───── Task inputs

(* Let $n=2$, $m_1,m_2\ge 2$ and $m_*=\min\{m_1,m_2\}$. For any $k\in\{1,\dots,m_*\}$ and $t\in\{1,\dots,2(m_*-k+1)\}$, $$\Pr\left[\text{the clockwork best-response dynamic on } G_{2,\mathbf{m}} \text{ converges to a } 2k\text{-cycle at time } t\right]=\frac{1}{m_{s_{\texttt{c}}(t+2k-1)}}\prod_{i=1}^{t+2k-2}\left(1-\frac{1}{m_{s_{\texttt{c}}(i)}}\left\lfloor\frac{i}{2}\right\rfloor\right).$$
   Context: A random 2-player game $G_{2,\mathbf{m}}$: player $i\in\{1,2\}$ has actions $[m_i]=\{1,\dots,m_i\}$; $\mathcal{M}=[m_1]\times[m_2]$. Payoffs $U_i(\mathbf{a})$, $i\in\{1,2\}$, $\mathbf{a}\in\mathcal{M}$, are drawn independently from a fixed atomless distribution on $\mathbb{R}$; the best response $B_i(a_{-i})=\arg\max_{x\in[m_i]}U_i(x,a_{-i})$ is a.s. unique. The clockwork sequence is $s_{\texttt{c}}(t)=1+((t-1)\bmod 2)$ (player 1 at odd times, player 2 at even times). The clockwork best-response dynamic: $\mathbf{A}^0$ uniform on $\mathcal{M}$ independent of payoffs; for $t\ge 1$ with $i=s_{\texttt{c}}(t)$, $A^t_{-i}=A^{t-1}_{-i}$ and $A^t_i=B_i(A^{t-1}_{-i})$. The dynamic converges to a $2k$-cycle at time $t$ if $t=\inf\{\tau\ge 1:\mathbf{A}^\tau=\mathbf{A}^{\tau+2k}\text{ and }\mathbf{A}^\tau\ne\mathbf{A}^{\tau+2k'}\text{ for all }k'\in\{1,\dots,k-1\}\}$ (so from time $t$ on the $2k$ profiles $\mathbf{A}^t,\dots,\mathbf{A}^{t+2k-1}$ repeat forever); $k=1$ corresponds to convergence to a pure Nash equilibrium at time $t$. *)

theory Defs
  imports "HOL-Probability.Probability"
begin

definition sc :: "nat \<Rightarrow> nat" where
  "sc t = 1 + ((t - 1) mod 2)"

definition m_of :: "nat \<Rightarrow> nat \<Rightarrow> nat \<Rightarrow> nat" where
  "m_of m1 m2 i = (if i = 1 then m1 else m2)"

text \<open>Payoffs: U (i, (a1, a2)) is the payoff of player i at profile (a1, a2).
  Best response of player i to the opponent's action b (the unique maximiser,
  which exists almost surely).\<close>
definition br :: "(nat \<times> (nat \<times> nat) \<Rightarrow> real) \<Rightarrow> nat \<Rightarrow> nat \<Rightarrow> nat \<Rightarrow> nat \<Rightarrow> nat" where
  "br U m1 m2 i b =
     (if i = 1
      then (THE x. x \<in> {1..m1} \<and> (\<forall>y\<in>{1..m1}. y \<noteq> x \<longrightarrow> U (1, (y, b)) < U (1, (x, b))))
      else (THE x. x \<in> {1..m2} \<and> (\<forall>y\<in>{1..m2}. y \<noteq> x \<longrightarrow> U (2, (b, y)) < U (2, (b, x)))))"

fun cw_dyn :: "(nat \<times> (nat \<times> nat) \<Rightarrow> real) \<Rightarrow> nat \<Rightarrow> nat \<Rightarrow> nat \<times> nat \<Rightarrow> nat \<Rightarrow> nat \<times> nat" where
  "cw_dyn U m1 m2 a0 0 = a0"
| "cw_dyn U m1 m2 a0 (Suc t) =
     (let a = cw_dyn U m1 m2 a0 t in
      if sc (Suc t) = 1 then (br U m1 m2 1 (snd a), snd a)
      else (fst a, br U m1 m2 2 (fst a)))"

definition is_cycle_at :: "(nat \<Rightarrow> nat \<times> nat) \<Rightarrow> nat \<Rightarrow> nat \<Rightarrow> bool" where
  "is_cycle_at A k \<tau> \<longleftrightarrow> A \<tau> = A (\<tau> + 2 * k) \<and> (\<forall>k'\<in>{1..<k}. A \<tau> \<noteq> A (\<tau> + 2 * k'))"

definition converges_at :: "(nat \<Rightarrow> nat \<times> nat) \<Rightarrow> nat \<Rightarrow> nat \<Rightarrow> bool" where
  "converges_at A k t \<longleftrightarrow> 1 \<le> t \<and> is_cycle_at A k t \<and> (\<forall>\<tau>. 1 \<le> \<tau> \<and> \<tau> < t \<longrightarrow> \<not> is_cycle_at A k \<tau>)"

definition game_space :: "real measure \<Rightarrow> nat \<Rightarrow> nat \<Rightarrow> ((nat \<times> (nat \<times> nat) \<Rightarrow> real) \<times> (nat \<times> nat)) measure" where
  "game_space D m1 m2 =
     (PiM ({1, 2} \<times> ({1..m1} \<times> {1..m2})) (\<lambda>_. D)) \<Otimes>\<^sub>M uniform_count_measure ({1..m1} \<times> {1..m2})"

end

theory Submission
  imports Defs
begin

──────────

**Description of the task:** Which lines in the records above contain the string "definition"? Copy them.

**Answer box:**
definition sc :: "nat \<Rightarrow> nat" where
definition m_of :: "nat \<Rightarrow> nat \<Rightarrow> nat \<Rightarrow> nat" where
definition br :: "(nat \<times> (nat \<times> nat) \<Rightarrow> real) \<Rightarrow> nat \<Rightarrow> nat \<Rightarrow> nat \<Rightarrow> nat \<Rightarrow> nat" where
definition is_cycle_at :: "(nat \<Rightarrow> nat \<times> nat) \<Rightarrow> nat \<Rightarrow> nat \<Rightarrow> bool" where
definition converges_at :: "(nat \<Rightarrow> nat \<times> nat) \<Rightarrow> nat \<Rightarrow> nat \<Rightarrow> bool" where
definition game_space :: "real measure \<Rightarrow> nat \<Rightarrow> nat \<Rightarrow> ((nat \<times> (nat \<times> nat) \<Rightarrow> real) \<times> (nat \<times> nat)) measure" where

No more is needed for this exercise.